ChasquiMQ does not use ioredis. The engine uses redis-rs for the producer/consumer hot paths, with manual control over pipelining. Acks batch by default (ack_batch=256 jobs or ack_idle_ms=5ms, whichever first); reads do not.

The lesson generalizes: pipelining is not free. Every “batch X” knob trades latency for throughput. Prove it on your scenario before turning it on.

Acks accumulate in a bounded async channel and flush as a single pipelined batch when either:

  • ack_batch jobs accumulate (default 256), or
  • ack_idle_ms ms elapse with no new acks (default 5ms).

Tighter than 256 means more, smaller round trips. Looser means higher ack latency. For most workloads, the defaults are right.

In Rust:

use chasquimq::ConsumerConfig;
let cfg = ConsumerConfig {
queue_name: "emails".into(),
ack_batch: 512,
ack_idle_ms: 10,
..Default::default()
};

In the shims, these are not exposed in v1. Reach for the native Consumer if you need them.

Smaller payloads → more throughput, fewer Redis bytes, faster decode. ChasquiMQ encodes with MessagePack via rmp-serde, which is binary and ~30–50% smaller than equivalent JSON for typed payloads.

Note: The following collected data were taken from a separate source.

text \<open>If \<open>z\<^sup>N = 1\<close>, the subsets \<open>I\<close> with \<open>z\<^sup>N\<^sup>/\<^sup>\<Prod>\<^sup>I = 1\<close> are those of
  \<open>T = {r. z\<^sup>N\<^sup>/\<^sup>r = 1}\<close>; they contain equally many even and odd sets unless \<open>T = {}\<close>.\<close>

lemma card_even_subsets_power_eq_one:
  fixes z :: "'a::monoid_mult" and \<rho> :: "nat set"
  assumes fin: "finite \<rho>" and cop: "pairwise coprime \<rho>"
  shows "card {I. I \<subseteq> \<rho> \<and> even (card I) \<and> z ^ \<Prod>(\<rho> - I) = 1} =
         card {I. I \<subseteq> \<rho> \<and> odd (card I) \<and> z ^ \<Prod>(\<rho> - I) = 1} +
         (if incl_excl_root \<rho> z then 1 else 0)"
proof (cases "z ^ \<Prod>\<rho> = 1")
  case False
  have "z ^ \<Prod>(\<rho> - I) \<noteq> 1" if "I \<subseteq> \<rho>" for I
  proof
    assume "z ^ \<Prod>(\<rho> - I) = 1"
    moreover have "\<Prod>(\<rho> - I) dvd \<Prod>\<rho>" using fin by (intro prod_dvd_prod_subset) auto
    ultimately show False using False power_eq_one_if_dvd by blast
  qed
  then have "{I. I \<subseteq> \<rho> \<and> even (card I) \<and> z ^ \<Prod>(\<rho> - I) = 1} = {}"
    and "{I. I \<subseteq> \<rho> \<and> odd (card I) \<and> z ^ \<Prod>(\<rho> - I) = 1} = {}" by blast+
  moreover have "\<not> incl_excl_root \<rho> z" using False by (simp add: incl_excl_root_def)
  ultimately show ?thesis by (simp only: card.empty) simp
next
  case True
  define T where "T = {r\<in>\<rho>. z ^ \<Prod>(\<rho> - {r}) = 1}"
  have "I \<subseteq> \<rho> \<and> z ^ \<Prod>(\<rho> - I) = 1 \<longleftrightarrow> I \<subseteq> T" for I
    using power_prod_diff_eq_one_iff[OF fin cop True] unfolding T_def by blast
  then have sets: "{I. I \<subseteq> \<rho> \<and> even (card I) \<and> z ^ \<Prod>(\<rho> - I) = 1} = {I. I \<subseteq> T \<and> even (card I)}"
    "{I. I \<subseteq> \<rho> \<and> odd (card I) \<and> z ^ \<Prod>(\<rho> - I) = 1} = {I. I \<subseteq> T \<and> odd (card I)}"
    by blast+
  show ?thesis
  proof (cases "T = {}")
    case True
    then have "incl_excl_root \<rho> z"
      using \<open>z ^ \<Prod>\<rho> = 1\<close> by (auto simp: incl_excl_root_def T_def)
    moreover have subsets: "{I. I \<subseteq> T \<and> even (card I)} = {{}}" "{I. I \<subseteq> T \<and> odd (card I)} = {}"
      using True by auto
    ultimately show ?thesis unfolding sets subsets by simp
  next
    case False
    have "finite T" using fin by (simp add: T_def)
    with False have "card {I. I \<subseteq> T \<and> {} \<subseteq> I \<and> even (card I)} =
                     card {I. I \<subseteq> T \<and> {} \<subseteq> I \<and> odd (card I)}"
      by (intro card_subsupersets_even_odd) auto
    moreover have "\<not> incl_excl_root \<rho> z"
      using False by (auto simp: incl_excl_root_def T_def)
    ultimately show ?thesis unfolding sets by simp
  qed
qed

lemma admissible_setD:
  assumes "admissible_set \<rho>"
  shows "finite \<rho>" "pairwise coprime \<rho>" "\<And>r. r \<in> \<rho> \<Longrightarrow> r > 1"
    and "\<And>I. \<Prod>(\<rho> - I) > 0"
  using assms by (auto simp: admissible_set_def pairwise_def intro!: prod_pos)

text \<open>\<open>Q\<^sub>\<rho>\<close> is the quotient of two products of polynomials \<open>x\<^sup>m - 1\<close>, whose multiplicities
  at \<open>z\<close> count the even, resp.\ odd, subsets \<open>I\<close> with \<open>z\<^sup>N\<^sup>/\<^sup>\<Prod>\<^sup>I = 1\<close>.\<close>

lemma order_incl_excl_poly:
  assumes adm: "admissible_set \<rho>"
  shows "order z (map_poly of_int (incl_excl_poly \<rho>) :: complex poly) =
           (if incl_excl_root \<rho> z then 1 else 0)"
proof -
  note \<rho> = admissible_setD[OF adm]
  define F where "F P = (\<Prod>I\<in>{I. I \<subseteq> \<rho> \<and> P (card I)}. xpow_minus_one (\<Prod>(\<rho> - I)))"
    for P :: "nat \<Rightarrow> bool"
  have Q: "incl_excl_poly \<rho> = F even div F odd"
    unfolding incl_excl_poly_def F_def using \<rho>(1,3)
    by (intro arg_cong2[where f = "(div)"] prod.cong)
      (auto intro!: arg_cong[where f = xpow_minus_one] prod_div_prod_subset)
  have fin: "finite {I. I \<subseteq> \<rho> \<and> P (card I)}" for P
    using \<rho>(1) by (auto intro: finite_subset[of _ "Pow \<rho>"])
  have F: "(map_poly of_int (F P) :: complex poly) =
             (\<Prod>I\<in>{I. I \<subseteq> \<rho> \<and> P (card I)}. monom 1 (\<Prod>(\<rho> - I)) - 1)" for P
    by (simp add: F_def map_poly_of_int_prod map_poly_of_int_xpow_minus_one)
  have order_F: "order z (map_poly of_int (F P) :: complex poly) =
                   card {I. I \<subseteq> \<rho> \<and> P (card I) \<and> z ^ \<Prod>(\<rho> - I) = 1}" for P z
    unfolding F using fin \<rho>(4)
    by (subst order_prod_monom_one_minus_one) (auto intro: arg_cong[where f = card])
  have count: "order z (map_poly of_int (F even) :: complex poly) =
                 order z (map_poly of_int (F odd) :: complex poly) + (if incl_excl_root \<rho> z then 1 else 0)"
    for z
    unfolding order_F by (rule card_even_subsets_power_eq_one[OF \<rho>(1,2)])
  have "(map_poly of_int (F even) :: complex poly) \<noteq> 0"
    unfolding F using fin \<rho>(4) by (auto simp: monom_eq_1_iff)
  moreover have "lead_coeff (F odd) = 1"
    unfolding F_def lead_coeff_prod xpow_minus_one_def
    using lead_coeff_monom_one_minus_one \<rho>(4) by (intro prod.neutral) blast
  ultimately show ?thesis
    unfolding Q by (subst order_map_poly_of_int_div) (simp_all add: count)
qed

lemma exp_root_unity_power_eq_one_iff:
  assumes "m > 0"
  shows "exp (2 * of_real pi * \<i> / of_nat m) ^ k = 1 \<longleftrightarrow> m dvd k"
proof -
  have "exp (2 * of_real pi * \<i> / of_nat m) ^ k = exp (2 * of_real pi * \<i> * of_nat k / of_nat m)"
    by (simp add: exp_of_nat_mult[symmetric] mult_ac)
  with complex_root_unity_eq_1[of m k] assms show ?thesis by simp
qed

text \<open>A primitive \<open>\<Prod>\<rho>\<close>-th root of unity is a root of \<open>Q\<^sub>\<rho>\<close>.\<close>

lemma prod_dvd_if_incl_excl_roots_subset:
  assumes "admissible_set \<rho>1" and roots: "\<And>z::complex. incl_excl_root \<rho>1 z \<Longrightarrow> incl_excl_root \<rho>2 z"
  shows "\<Prod>\<rho>1 dvd \<Prod>\<rho>2"
proof -
  note \<rho>1 = admissible_setD[OF assms(1)]
  define N where "N = \<Prod>\<rho>1"
  define \<zeta> where "\<zeta> = exp (2 * of_real pi * \<i> / of_nat N)"
  have "N > 0" using \<rho>1(4)[of "{}"] by (simp add: N_def)
  then have \<zeta>_pow: "\<zeta> ^ k = 1 \<longleftrightarrow> N dvd k" for k
    unfolding \<zeta>_def by (rule exp_root_unity_power_eq_one_iff)
  have "incl_excl_root \<rho>1 \<zeta>"
    unfolding incl_excl_root_def \<zeta>_pow
  proof (intro conjI ballI)
    fix r assume "r \<in> \<rho>1"
    then have "N = r * \<Prod>(\<rho>1 - {r})" "r > 1"
      using prod.remove[OF \<rho>1(1)] \<rho>1(3) by (auto simp: N_def)
    then have "\<Prod>(\<rho>1 - {r}) < N" using \<rho>1(4) by simp
    then show "\<not> N dvd \<Prod>(\<rho>1 - {r})" using \<rho>1(4) by (auto dest: dvd_imp_le)
  qed (simp add: N_def)
  then have "incl_excl_root \<rho>2 \<zeta>" by (rule roots)
  then show ?thesis by (simp add: incl_excl_root_def \<zeta>_pow N_def)
qed

text \<open>A primitive \<open>(\<Prod>\<rho>\<^sub>1 / r)\<close>-th root of unity is not a root of \<open>Q\<^sub>\<rho>\<^sub>1\<close>, so some
  \<open>\<Prod>\<rho>\<^sub>2 / r'\<close> is a multiple of \<open>\<Prod>\<rho>\<^sub>1 / r\<close>.\<close>

lemma exists_dvd_if_incl_excl_roots_subset:
  assumes "admissible_set \<rho>1" "admissible_set \<rho>2" "\<Prod>\<rho>1 = \<Prod>\<rho>2"
    and roots: "\<And>z::complex. incl_excl_root \<rho>2 z \<Longrightarrow> incl_excl_root \<rho>1 z" and "r \<in> \<rho>1"
  shows "\<exists>r'\<in>\<rho>2. r' dvd r"
proof -
  note \<rho>1 = admissible_setD[OF assms(1)] and \<rho>2 = admissible_setD[OF assms(2)]
  define M where "M = \<Prod>(\<rho>1 - {r})"
  define \<zeta> where "\<zeta> = exp (2 * of_real pi * \<i> / of_nat M)"
  have "M > 0" using \<rho>1(4) by (simp add: M_def)
  then have \<zeta>_pow: "\<zeta> ^ k = 1 \<longleftrightarrow> M dvd k" for k
    unfolding \<zeta>_def by (rule exp_root_unity_power_eq_one_iff)
  have "\<not> incl_excl_root \<rho>1 \<zeta>"
    using \<open>r \<in> \<rho>1\<close> unfolding incl_excl_root_def \<zeta>_pow M_def by (blast intro: dvd_refl)
  then have "\<not> incl_excl_root \<rho>2 \<zeta>" using roots by blast
  moreover have N: "\<Prod>\<rho>2 = r * M"
    using prod.remove[OF \<rho>1(1) \<open>r \<in> \<rho>1\<close>, of "\<lambda>x. x"] assms(3) by (simp add: M_def)
  ultimately obtain r' where "r' \<in> \<rho>2" "M dvd \<Prod>(\<rho>2 - {r'})"
    by (auto simp: incl_excl_root_def \<zeta>_pow)
  then obtain k where k: "\<Prod>(\<rho>2 - {r'}) = M * k" by (elim dvdE)
  have "r * M = \<Prod>\<rho>2" using N by simp
  also have "\<dots> = r' * \<Prod>(\<rho>2 - {r'})" using \<rho>2(1) \<open>r' \<in> \<rho>2\<close> by (rule prod.remove)
  also have "\<dots> = (r' * k) * M" by (simp add: k)
  finally have "r = r' * k" using \<open>M > 0\<close> by simp
  with \<open>r' \<in> \<rho>2\<close> show ?thesis by (intro bexI[of _ r']) simp_all
qed

lemma incl_excl_roots_inject:
  assumes "admissible_set \<rho>1" "admissible_set \<rho>2"
    and roots: "\<And>z::complex. incl_excl_root \<rho>1 z \<longleftrightarrow> incl_excl_root \<rho>2 z"
  shows "\<rho>1 = \<rho>2"
proof -
  have prod_eq: "\<Prod>\<rho>1 = \<Prod>\<rho>2"
    using prod_dvd_if_incl_excl_roots_subset[OF assms(1)] prod_dvd_if_incl_excl_roots_subset[OF assms(2)]
      roots by (blast intro: dvd_antisym)
  have subset: "\<rho> \<subseteq> \<rho>'"
    if adm: "admissible_set \<rho>" "admissible_set \<rho>'" and "\<Prod>\<rho> = \<Prod>\<rho>'"
      and roots': "\<And>z::complex. incl_excl_root \<rho> z \<longleftrightarrow> incl_excl_root \<rho>' z" for \<rho> \<rho>'
  proof
    fix r assume "r \<in> \<rho>"
    obtain r' where "r' \<in> \<rho>'" "r' dvd r"
      using exists_dvd_if_incl_excl_roots_subset[OF adm \<open>\<Prod>\<rho> = \<Prod>\<rho>'\<close>] roots' \<open>r \<in> \<rho>\<close> by blast
    obtain r'' where "r'' \<in> \<rho>" "r'' dvd r'"
      using exists_dvd_if_incl_excl_roots_subset[OF adm(2,1) \<open>\<Prod>\<rho> = \<Prod>\<rho>'\<close>[symmetric]] roots'
        \<open>r' \<in> \<rho>'\<close> by blast
    have "r'' = r"
    proof (rule ccontr)
      assume "r'' \<noteq> r"
      then have "coprime r'' r"
        using admissible_setD(2)[OF adm(1)] \<open>r \<in> \<rho>\<close> \<open>r'' \<in> \<rho>\<close> by (auto simp: pairwise_def)
      moreover have "r'' dvd r" using \<open>r'' dvd r'\<close> \<open>r' dvd r\<close> by (rule dvd_trans)
      ultimately have "r'' = 1" by (simp add: coprime_absorb_left)
      with admissible_setD(3)[OF adm(1) \<open>r'' \<in> \<rho>\<close>] show False by simp
    qed
    with \<open>r'' dvd r'\<close> \<open>r' dvd r\<close> have "r' = r" by (simp add: dvd_antisym)
    with \<open>r' \<in> \<rho>'\<close> show "r \<in> \<rho>'" by simp
  qed
  show ?thesis
    using subset[OF assms(1,2) prod_eq roots] subset[OF assms(2,1) prod_eq[symmetric] roots[symmetric]]
    by (rule equalityI)
qed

Anti-pattern: shoving large blobs (rendered images, PDFs, full document bodies) onto the queue. The queue should carry a pointer, not the artifact:

// Bad — multi-MB payload through the stream.
await queue.add("process", { pdfBytes: largeBuffer });
// Good — a pointer to S3.
await queue.add("process", { s3Key: "uploads/abc123.pdf" });

max_payload_bytes on ConsumerConfig (default unset) caps it; oversize entries route to DLQ with DlqReason::Oversize.

For high-volume producers, addBulk pipelines the entire batch as one Redis pipeline:

const jobs = users.map((u) => ({
name: "welcome",
data: { user: u.id },
}));
await queue.addBulk(jobs);

addBulk is the path that hits 188,775 jobs/s on a contended host in benchmarks. If you are publishing one-at-a-time in a tight loop, you’re leaving 3× on the table.

The shim degrades to per-entry add when any entry has per-job options (delay, jobId, attempts, backoff, repeat). Keep bulk batches simple to keep the pipelining win.

  • Default concurrency=100. Default ack_batch=256. These are right for most workloads.
  • Profile before tuning. chasqui inspect and chasqui watch tell you whether the queue is the bottleneck.
  • Reduce payload size before raising concurrency.

For the underlying mechanics: Performance trade-offs.